Using the listing, copy each whole line that features "centred".

Source records>

▬▬▬▬▬▬

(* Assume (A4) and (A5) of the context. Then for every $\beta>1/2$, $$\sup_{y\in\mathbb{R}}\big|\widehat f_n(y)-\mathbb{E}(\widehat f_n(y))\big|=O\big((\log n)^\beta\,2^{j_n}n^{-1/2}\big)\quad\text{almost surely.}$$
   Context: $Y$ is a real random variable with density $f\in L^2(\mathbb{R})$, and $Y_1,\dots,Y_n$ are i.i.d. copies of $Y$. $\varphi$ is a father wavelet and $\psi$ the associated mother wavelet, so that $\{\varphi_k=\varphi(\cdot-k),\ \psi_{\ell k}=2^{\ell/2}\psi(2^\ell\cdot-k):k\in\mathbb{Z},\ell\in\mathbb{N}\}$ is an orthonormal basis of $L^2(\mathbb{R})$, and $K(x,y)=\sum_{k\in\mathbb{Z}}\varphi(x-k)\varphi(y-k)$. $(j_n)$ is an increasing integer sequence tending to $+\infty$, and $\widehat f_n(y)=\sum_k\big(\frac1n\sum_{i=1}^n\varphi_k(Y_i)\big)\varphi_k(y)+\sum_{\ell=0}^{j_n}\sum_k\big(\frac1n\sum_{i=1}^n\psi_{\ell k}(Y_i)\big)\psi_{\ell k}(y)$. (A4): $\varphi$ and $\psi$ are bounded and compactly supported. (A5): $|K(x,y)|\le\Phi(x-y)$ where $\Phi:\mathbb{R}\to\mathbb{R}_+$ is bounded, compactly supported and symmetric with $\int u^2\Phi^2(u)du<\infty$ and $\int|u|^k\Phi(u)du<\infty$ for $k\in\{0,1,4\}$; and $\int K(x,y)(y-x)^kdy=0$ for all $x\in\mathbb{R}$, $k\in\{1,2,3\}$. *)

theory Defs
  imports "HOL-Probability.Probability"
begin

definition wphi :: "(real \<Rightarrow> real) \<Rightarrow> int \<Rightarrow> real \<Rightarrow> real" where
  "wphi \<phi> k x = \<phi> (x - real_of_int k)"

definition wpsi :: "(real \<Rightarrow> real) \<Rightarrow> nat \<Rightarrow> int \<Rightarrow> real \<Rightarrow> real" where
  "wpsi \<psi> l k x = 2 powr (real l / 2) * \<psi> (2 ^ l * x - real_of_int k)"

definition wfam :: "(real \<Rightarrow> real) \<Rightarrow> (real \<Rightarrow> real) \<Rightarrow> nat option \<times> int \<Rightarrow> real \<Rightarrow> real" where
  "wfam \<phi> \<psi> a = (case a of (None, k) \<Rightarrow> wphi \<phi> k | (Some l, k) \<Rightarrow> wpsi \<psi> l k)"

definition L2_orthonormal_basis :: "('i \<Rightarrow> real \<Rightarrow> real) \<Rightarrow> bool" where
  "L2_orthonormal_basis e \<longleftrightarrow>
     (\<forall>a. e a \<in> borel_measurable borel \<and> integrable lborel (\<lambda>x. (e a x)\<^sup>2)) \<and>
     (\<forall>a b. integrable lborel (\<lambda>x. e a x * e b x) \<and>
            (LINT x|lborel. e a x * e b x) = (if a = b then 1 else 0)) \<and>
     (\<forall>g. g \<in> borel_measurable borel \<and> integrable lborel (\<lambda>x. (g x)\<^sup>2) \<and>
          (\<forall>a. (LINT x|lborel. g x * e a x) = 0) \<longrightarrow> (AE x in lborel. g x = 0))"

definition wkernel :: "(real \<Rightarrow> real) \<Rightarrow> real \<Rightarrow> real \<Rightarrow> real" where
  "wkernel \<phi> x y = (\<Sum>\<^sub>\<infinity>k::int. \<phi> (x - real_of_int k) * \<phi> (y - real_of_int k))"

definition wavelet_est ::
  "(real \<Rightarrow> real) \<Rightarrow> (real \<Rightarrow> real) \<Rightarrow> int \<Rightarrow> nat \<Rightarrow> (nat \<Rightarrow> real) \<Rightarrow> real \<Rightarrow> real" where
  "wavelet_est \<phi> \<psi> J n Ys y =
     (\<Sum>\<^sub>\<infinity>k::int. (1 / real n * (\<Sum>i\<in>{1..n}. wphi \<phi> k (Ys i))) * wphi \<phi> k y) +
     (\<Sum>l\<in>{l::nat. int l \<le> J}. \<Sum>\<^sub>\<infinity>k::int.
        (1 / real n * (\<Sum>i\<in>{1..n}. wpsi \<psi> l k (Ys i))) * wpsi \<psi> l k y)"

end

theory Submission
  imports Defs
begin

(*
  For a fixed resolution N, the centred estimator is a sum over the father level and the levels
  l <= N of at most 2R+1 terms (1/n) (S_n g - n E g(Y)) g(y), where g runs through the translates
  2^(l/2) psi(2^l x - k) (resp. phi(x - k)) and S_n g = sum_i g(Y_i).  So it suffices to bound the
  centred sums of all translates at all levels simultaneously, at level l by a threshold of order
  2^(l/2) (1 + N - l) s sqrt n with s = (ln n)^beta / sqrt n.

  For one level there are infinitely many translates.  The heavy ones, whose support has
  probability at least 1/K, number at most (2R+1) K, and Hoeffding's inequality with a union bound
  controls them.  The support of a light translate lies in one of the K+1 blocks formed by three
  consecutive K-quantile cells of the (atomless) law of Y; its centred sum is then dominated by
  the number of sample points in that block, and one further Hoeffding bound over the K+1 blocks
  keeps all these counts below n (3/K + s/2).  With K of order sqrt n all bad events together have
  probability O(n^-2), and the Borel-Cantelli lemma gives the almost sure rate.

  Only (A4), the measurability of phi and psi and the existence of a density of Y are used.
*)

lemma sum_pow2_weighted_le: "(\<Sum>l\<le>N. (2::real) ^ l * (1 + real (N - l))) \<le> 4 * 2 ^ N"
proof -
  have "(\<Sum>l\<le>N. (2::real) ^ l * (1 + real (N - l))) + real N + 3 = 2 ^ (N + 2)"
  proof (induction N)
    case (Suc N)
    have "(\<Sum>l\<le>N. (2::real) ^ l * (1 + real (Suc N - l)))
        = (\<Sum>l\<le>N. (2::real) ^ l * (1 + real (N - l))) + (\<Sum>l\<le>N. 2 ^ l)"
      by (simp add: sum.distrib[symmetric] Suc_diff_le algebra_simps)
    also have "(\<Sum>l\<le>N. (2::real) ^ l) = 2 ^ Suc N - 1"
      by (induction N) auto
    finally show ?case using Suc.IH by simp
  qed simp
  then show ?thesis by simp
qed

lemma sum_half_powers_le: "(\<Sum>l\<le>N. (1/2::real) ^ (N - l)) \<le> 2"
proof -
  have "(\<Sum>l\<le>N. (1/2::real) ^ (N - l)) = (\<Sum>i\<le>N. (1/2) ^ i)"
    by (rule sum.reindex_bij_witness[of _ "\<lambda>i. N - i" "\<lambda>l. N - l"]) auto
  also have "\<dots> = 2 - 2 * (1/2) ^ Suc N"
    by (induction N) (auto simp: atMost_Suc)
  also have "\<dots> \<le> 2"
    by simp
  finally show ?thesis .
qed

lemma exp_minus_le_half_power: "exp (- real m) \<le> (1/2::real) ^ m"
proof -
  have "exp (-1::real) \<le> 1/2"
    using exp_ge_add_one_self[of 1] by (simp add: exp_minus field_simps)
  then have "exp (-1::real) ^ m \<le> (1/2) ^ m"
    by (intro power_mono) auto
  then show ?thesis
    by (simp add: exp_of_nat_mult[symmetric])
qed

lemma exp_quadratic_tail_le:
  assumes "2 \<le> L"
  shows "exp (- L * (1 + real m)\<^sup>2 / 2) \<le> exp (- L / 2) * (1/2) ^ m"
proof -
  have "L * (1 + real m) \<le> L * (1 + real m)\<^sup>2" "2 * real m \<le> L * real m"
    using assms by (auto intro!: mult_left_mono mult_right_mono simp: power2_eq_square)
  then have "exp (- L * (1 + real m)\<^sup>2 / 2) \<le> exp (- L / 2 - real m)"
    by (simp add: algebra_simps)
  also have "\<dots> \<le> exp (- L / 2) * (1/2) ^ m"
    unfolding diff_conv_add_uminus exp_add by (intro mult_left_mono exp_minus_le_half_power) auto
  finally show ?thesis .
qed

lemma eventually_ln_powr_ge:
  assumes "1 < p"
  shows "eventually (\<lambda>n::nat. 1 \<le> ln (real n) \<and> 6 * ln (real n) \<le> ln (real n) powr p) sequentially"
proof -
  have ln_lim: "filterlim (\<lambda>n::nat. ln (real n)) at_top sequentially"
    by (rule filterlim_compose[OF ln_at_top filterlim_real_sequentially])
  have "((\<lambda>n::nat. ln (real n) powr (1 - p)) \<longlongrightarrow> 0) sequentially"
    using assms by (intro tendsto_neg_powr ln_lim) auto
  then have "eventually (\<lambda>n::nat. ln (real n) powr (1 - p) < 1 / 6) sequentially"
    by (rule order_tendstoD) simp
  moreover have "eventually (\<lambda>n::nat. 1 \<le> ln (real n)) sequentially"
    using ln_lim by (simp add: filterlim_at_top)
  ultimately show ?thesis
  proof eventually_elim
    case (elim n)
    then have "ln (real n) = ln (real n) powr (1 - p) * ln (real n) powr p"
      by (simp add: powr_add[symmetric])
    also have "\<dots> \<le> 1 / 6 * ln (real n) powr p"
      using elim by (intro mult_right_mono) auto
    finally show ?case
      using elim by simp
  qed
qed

▬▬▬▬▬▬

Task response>
  For a fixed resolution N, the centred estimator is a sum over the father level and the levels
  centred sums of all translates at all levels simultaneously, at level l by a threshold of order
  consecutive K-quantile cells of the (atomless) law of Y; its centred sum is then dominated by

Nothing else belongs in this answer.